Shanks began writing the script with his own journey in mind for the character of Tim, a struggling musician. At first, his protagonist was a “much nastier character,” he says. “The first draft was very much about why can’t this really flawed and childish artist—i.e. myself—just wake up and realize that…what’s important is this beautiful person that you’re in love with.”
Shanks knew he’d need to find the right pair of actors to star as the couple, since their characters are so deeply intertwined. He happened to be meeting with Franco to discuss another project when he brought up this script. Franco was interested, and brought it to Brie, who agreed it would be a new challenge for them. Shanks got a call from his agent to let him know the couple was interested in starring in it. “I was walking down to my local pub with a shit-eating grin on my face just buzzing,” he says. “It was amazing.”
He had a Zoom call with Brie soon after, and then she and Franco both signed on as producers as well. “I was so struck by the writing and by the set pieces in this movie, and how they were really informed by the theme that was being explored,” says Brie. “Everything is coming from that core theme of taking intimacy past a healthy level into codependency and the possible physical manifestations of that.”

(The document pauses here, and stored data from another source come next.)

(* For all $\mu,\nu\in\mathcal P(\mathcal X)$, the operator $\mathrm{Id}-K_{\mu,\nu}K_{\nu,\mu}$ is a well-defined continuous linear bijection of $C(\mathcal X)/\mathbb R$ (invertible on $C(\mathcal X)/\mathbb R$).
   Context: $(\mathcal X,\mathsf d)$ compact metric space; $\varepsilon>0$; $c\in C(\mathcal X\times\mathcal X)$ symmetric, nonnegative, with $\exp(-c/\varepsilon)$ a positive definite universal kernel. Schrödinger potentials: $T_\varepsilon(f,\mu)(y):=-\varepsilon\log\int\exp((f(x)-c(x,y))/\varepsilon)d\mu(x)$; $(f_{\mu,\nu},f_{\nu,\mu})$ the unique continuous pair with $f_{\mu,\nu}=T_\varepsilon(f_{\nu,\mu},\nu)$, $f_{\nu,\mu}=T_\varepsilon(f_{\mu,\nu},\mu)$, $\int f_{\mu,\nu}d\mu=\int f_{\nu,\mu}d\nu$. $k_{\mu,\nu}(x,y):=\exp((f_{\mu,\nu}(x)+f_{\nu,\mu}(y)-c(x,y))/\varepsilon)$; $H_{\mu,\nu}[\sigma](x):=\int k_{\mu,\nu}(x,y)d\sigma(y)$ for $\sigma\in\mathcal M(\mathcal X)$; $K_{\mu,\nu}[\phi]:=H_{\mu,\nu}[\phi\nu]$ for $\phi\in C(\mathcal X)$ (so $K_{\mu,\nu}[1]=1$). $C(\mathcal X)/\mathbb R$ carries the quotient norm $\inf_{\lambda}\|\phi-\lambda\|_\infty$. *)

theory Defs
  imports "HOL-Analysis.Analysis" "HOL-Probability.Probability"
begin

definition sup_norm :: "('a \<Rightarrow> real) \<Rightarrow> real" where
  "sup_norm f = (SUP x. \<bar>f x\<bar>)"

definition quot_norm :: "('a \<Rightarrow> real) \<Rightarrow> real" where
  "quot_norm \<phi> = (INF l. sup_norm (\<lambda>x. \<phi> x - l))"

definition pos_def_kernel :: "('a \<Rightarrow> 'a \<Rightarrow> real) \<Rightarrow> bool" where
  "pos_def_kernel k \<longleftrightarrow> (\<forall>x y. k x y = k y x) \<and>
     (\<forall>n (xs :: nat \<Rightarrow> 'a) (a :: nat \<Rightarrow> real).
        (\<Sum>i<n. \<Sum>j<n. a i * a j * k (xs i) (xs j)) \<ge> 0)"

definition universal_kernel :: "('a::topological_space \<Rightarrow> 'a \<Rightarrow> real) \<Rightarrow> bool" where
  "universal_kernel k \<longleftrightarrow> (\<forall>x. continuous_on UNIV (k x)) \<and>
     (\<forall>g. continuous_on UNIV g \<longrightarrow> (\<forall>e>0. \<exists>n (xs :: nat \<Rightarrow> 'a) (a :: nat \<Rightarrow> real).
        \<forall>y. \<bar>g y - (\<Sum>i<n. a i * k (xs i) y)\<bar> < e))"

definition T_eps :: "real \<Rightarrow> ('a \<Rightarrow> 'a \<Rightarrow> real) \<Rightarrow> ('a \<Rightarrow> real) \<Rightarrow> 'a measure \<Rightarrow> 'a \<Rightarrow> real" where
  "T_eps eps c f \<mu> y = - eps * ln (\<integral>x. exp ((f x - c x y) / eps) \<partial>\<mu>)"

definition schr_pair :: "real \<Rightarrow> ('a::topological_space \<Rightarrow> 'a \<Rightarrow> real) \<Rightarrow> 'a measure \<Rightarrow> 'a measure
    \<Rightarrow> ('a \<Rightarrow> real) \<times> ('a \<Rightarrow> real)" where
  "schr_pair eps c \<mu> \<nu> = (THE p. continuous_on UNIV (fst p) \<and> continuous_on UNIV (snd p) \<and>
      fst p = T_eps eps c (snd p) \<nu> \<and> snd p = T_eps eps c (fst p) \<mu> \<and>
      (\<integral>x. fst p x \<partial>\<mu>) = (\<integral>x. snd p x \<partial>\<nu>))"

text \<open>f_{mu,nu}; note f_{nu,mu} = schr_pot eps c nu mu.\<close>
definition schr_pot :: "real \<Rightarrow> ('a::topological_space \<Rightarrow> 'a \<Rightarrow> real) \<Rightarrow> 'a measure \<Rightarrow> 'a measure
    \<Rightarrow> 'a \<Rightarrow> real" where
  "schr_pot eps c \<mu> \<nu> = fst (schr_pair eps c \<mu> \<nu>)"

definition k_eps :: "real \<Rightarrow> ('a::topological_space \<Rightarrow> 'a \<Rightarrow> real) \<Rightarrow> 'a measure \<Rightarrow> 'a measure
    \<Rightarrow> 'a \<Rightarrow> 'a \<Rightarrow> real" where
  "k_eps eps c \<mu> \<nu> x y = exp ((schr_pot eps c \<mu> \<nu> x + schr_pot eps c \<nu> \<mu> y - c x y) / eps)"

definition H_op :: "real \<Rightarrow> ('a::topological_space \<Rightarrow> 'a \<Rightarrow> real) \<Rightarrow> 'a measure \<Rightarrow> 'a measure
    \<Rightarrow> 'a measure \<Rightarrow> 'a \<Rightarrow> real" where
  "H_op eps c \<mu> \<nu> \<sigma> x = (\<integral>y. k_eps eps c \<mu> \<nu> x y \<partial>\<sigma>)"

definition K_op :: "real \<Rightarrow> ('a::topological_space \<Rightarrow> 'a \<Rightarrow> real) \<Rightarrow> 'a measure \<Rightarrow> 'a measure
    \<Rightarrow> ('a \<Rightarrow> real) \<Rightarrow> 'a \<Rightarrow> real" where
  "K_op eps c \<mu> \<nu> \<phi> x = (\<integral>y. k_eps eps c \<mu> \<nu> x y * \<phi> y \<partial>\<nu>)"

definition L_op :: "real \<Rightarrow> ('a::topological_space \<Rightarrow> 'a \<Rightarrow> real) \<Rightarrow> 'a measure \<Rightarrow> 'a measure
    \<Rightarrow> ('a \<Rightarrow> real) \<Rightarrow> 'a \<Rightarrow> real" where
  "L_op eps c \<mu> \<nu> \<phi> x = \<phi> x - K_op eps c \<mu> \<nu> (K_op eps c \<nu> \<mu> \<phi>) x"

end

theory Submission
  imports Defs
begin
(* Every $K$-algebra endomorphism of $\mathbb{S}_1$ is either injective or its image is a commutative finite-dimensional algebra. Moreover, for every positive integer $d$ there is an endomorphism of $\mathbb{S}_1$ whose image has dimension exactly $d$.
   Context: $K$ is a field of characteristic zero and $\mathbb{S}_1=K\langle x,y\mid yx=1\rangle$ is the $K$-algebra generated by $x,y$ with the single defining relation $yx=1$. *)

theory Defs
  imports Main
begin

text \<open>The monoid with presentation
  <x,y | yx = 1> (the bicyclic monoid) has normal forms x^i y^j, encoded as pairs (i,j),
  with product (x^i y^j)(x^k y^l) = x^(i + (k - j)) y^(l + (j - k)) (truncated subtraction).
  S_1 is its monoid algebra: finitely supported functions nat \<times> nat \<Rightarrow> K.\<close>

definition bmul :: "nat \<times> nat \<Rightarrow> nat \<times> nat \<Rightarrow> nat \<times> nat" where
  "bmul p q = (fst p + (fst q - snd p), snd q + (snd p - fst q))"

type_synonym 'k s1elt = "nat \<times> nat \<Rightarrow> 'k"

definition supp1 :: "'k::zero s1elt \<Rightarrow> (nat \<times> nat) set" where
  "supp1 f = {p. f p \<noteq> 0}"

definition S1 :: "'k::field s1elt set" where
  "S1 = {f. finite (supp1 f)}"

The shoot for the independent film took place in Melbourne and was quick at only around 21 days. So the filmmakers and actors had to work at breakneck speed. “The movie’s very intense physically and emotionally,” says Brie, “and I think the fact that we’re really in a relationship, and Dave and I have such a shorthand with each other that at times it’s nonverbal—that helped to streamline communication in a way that turned out to be really valuable.”
Shanks agrees that in retrospect, having a pair of leads who were also a real couple was key to making the film. Production even looked for a couple to also play their stand-ins, thanks to how physically intimate certain scenes had to be.

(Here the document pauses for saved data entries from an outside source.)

lemma homog_part_mult_eq_0:
  assumes "homog e h" "\<And>a. a \<in> Poly_Mapping.keys g \<Longrightarrow> tdeg a + e \<noteq> d"
  shows "homog_part d (g * h) = 0"
proof (rule poly_mapping_eqI)
  fix \<alpha>
  have "tdeg \<alpha> \<noteq> d" if "\<alpha> \<in> Poly_Mapping.keys (g * h)"
    using that keys_mult[of g h] assms by (force simp: homog_def tdeg_add)
  then show "Poly_Mapping.lookup (homog_part d (g * h)) \<alpha> = Poly_Mapping.lookup 0 \<alpha>"
    by (auto simp: lookup_homog_part in_keys_iff)
qed

lemma homog_part_mult_homog:
  assumes h: "homog e h"
  shows "homog_part d (g * h) = (if e \<le> d then homog_part (d - e) g * h else 0)"
proof (cases "e \<le> d")
  case True
  define p where "p = homog_part (d - e) g"
  have "homog (d - e + e) (p * h)"
    unfolding p_def by (rule homog_mult[OF homog_homog_part h])
  then have "homog_part d (p * h) = p * h"
    using True by (simp add: homog_part_eq_self)
  moreover have "homog_part d ((g - p) * h) = 0"
    using h by (rule homog_part_mult_eq_0) (use True in \<open>auto simp: p_def in_keys_iff lookup_minus lookup_homog_part\<close>)
  moreover have "g * h = p * h + (g - p) * h"
    by (simp add: algebra_simps)
  ultimately show ?thesis
    using True by (simp add: homog_part_add p_def)
next
  case False
  then show ?thesis
    using homog_part_mult_eq_0[OF h, of g d] by simp
qed

text \<open>Taking the degree-d part of F = \<Sum> g_i h_i replaces each g_i by its component of
degree d - deg h_i and kills the terms with deg h_i > d.\<close>

lemma homog_mem_ideal_gen_low_degree:
  assumes F: "F \<in> ideal_gen (polys n m) G" "homog d F"
    and G: "\<And>h. h \<in> G \<Longrightarrow> \<exists>e. homog e h \<and> (e \<le> d \<longrightarrow> h \<in> ideal_gen (polys n m) G')"
  shows "F \<in> ideal_gen (polys n m) G'"
proof -
  obtain k :: nat and g h where kgh: "\<forall>i<k. g i \<in> polys n m \<and> h i \<in> G" "F = (\<Sum>i<k. g i * h i)"
    using F(1) unfolding ideal_gen_def by blast
  have "\<forall>i. \<exists>e. i < k \<longrightarrow> homog e (h i) \<and> (e \<le> d \<longrightarrow> h i \<in> ideal_gen (polys n m) G')"
    using G kgh(1) by blast
  then obtain e where e: "\<And>i. i < k \<Longrightarrow> homog (e i) (h i) \<and> (e i \<le> d \<longrightarrow> h i \<in> ideal_gen (polys n m) G')"
    by metis
  have "F = homog_part d F"
    using F(2) by (simp add: homog_part_eq_self)
  also have "\<dots> = (\<Sum>i<k. if e i \<le> d then homog_part (d - e i) (g i) * h i else 0)"
    unfolding kgh(2) homog_part_sum using e by (intro sum.cong) (auto simp: homog_part_mult_homog)
  also have "\<dots> \<in> ideal_gen (polys n m) G'"
  proof (rule ideal_gen_sum)
    fix i
    assume "i \<in> {..<k}"
    then have "homog_part (d - e i) (g i) \<in> polys n m" "e i \<le> d \<Longrightarrow> h i \<in> ideal_gen (polys n m) G'"
      using kgh(1) e keys_homog_part_subset polys_keys_subset by auto
    then show "(if e i \<le> d then homog_part (d - e i) (g i) * h i else 0) \<in> ideal_gen (polys n m) G'"
      by (auto intro: ideal_gen_mult polys_mult ideal_gen_zero)
  qed simp
  finally show ?thesis .
qed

It helped that every day, Franco and Brie could spend their time after shooting preparing together for the next day. They’d often talk about upcoming scenes while at their Airbnb or walking the streets of Melbourne after a day of filming. “We realized early on that a secret weapon we had was the fact that we were living together and that we could rehearse as much as we wanted,” says Franco. “And so we really knew this script inside and out. We could come in and hit the ground running every day.”

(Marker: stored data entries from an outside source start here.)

(* For every $n\ge2$, $$E\Big[U^{(n)}\big(U^{(n)}-E[\tau^{(n)}\mid\mathcal{Y}_n]\big)\Big]=\frac{2n}{n-1}\Big(H_{n,1}+H_{n,2}-1-\frac{H_{n,1}^2}{n}\Big).$$
   Context: Fix $n\ge 2$. A Yule tree with speciation rate 1 on $n$ tips: start with a single lineage; each lineage independently splits into two at rate 1; the process is stopped just before the $n$-th speciation event, so the tree has $n$ tips and $n-1$ speciation (internal) nodes, numbered $1,\dots,n-1$ chronologically from the root. For $i=1,\dots,n$ let $T_i$ be the length of the time interval during which there are exactly $i$ lineages; the $T_i$ are independent, $T_i\sim\mathrm{Exp}(i)$ (rate $i$), the $k$-th speciation occurs at time $T_1+\dots+T_k$, and at each speciation the splitting lineage is uniformly chosen among current lineages, independently of the $T_i$. The tree height is $U^{(n)}=T_1+\dots+T_n$. Choose an unordered pair of distinct tips uniformly at random (independently of everything else given the tree) and let $\kappa_n\in\{1,\dots,n-1\}$ be the index of the speciation event at which their lineages split; the coalescent time of the pair is $\tau^{(n)}=T_{\kappa_n+1}+\dots+T_n$. $\mathcal{Y}_n$ is the σ-field generated by the tree (topology and all branch lengths, in particular $T_1,\dots,T_n$), so $E[\tau^{(n)}\mid\mathcal{Y}_n]$ is the average of the coalescent times over all $\binom n2$ pairs of tips. $H_{n,r}=\sum_{i=1}^n i^{-r}$. *)

theory Defs
  imports "HOL-Probability.Probability"
begin

definition H :: "nat \<Rightarrow> nat \<Rightarrow> real" where
  "H n r = (\<Sum>i=1..n. 1 / real i ^ r)"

Because of the stunts and big set pieces, which often involved prosthetics, the shoot was demanding on the main actors, who were put through the ringer physically. “We tortured them every day,” says Shanks. “Every day they’re screaming or something awful is going on, or they’re being thrown around in dirty puddles or climbing up ropes. And there was never a problem. They were just like, ‘Okay, you need us to do it again?’”
Together, which is seeking distribution at the fest, will give audiences the sort of squirm-in-their-seat experience that you hope for with Sundance’s Midnight Program. It’s an experience that Shanks is looking forward to. “I think there has been kind of a hyperactivity to some of the stuff that I’ve made. I always picture the audience’s engagement and never take it for granted,” says Shanks. “I really do make stuff for an audience to react to.”
For Franco and Brie, the experience reminded them of how different their own relationship is from the one they’re capturing onscreen. But it also brought them closer, both literally and figuratively. “I feel like I’m at my best when I’m working with her because it’s impossible to be fake in front of one another,” says Franco. “We just know each other so well that if anything comes out of us that feels inauthentic, we understand that the other one sees it too.”
This feature is part of Awards Insider’s exclusive Sundance 2025 coverage.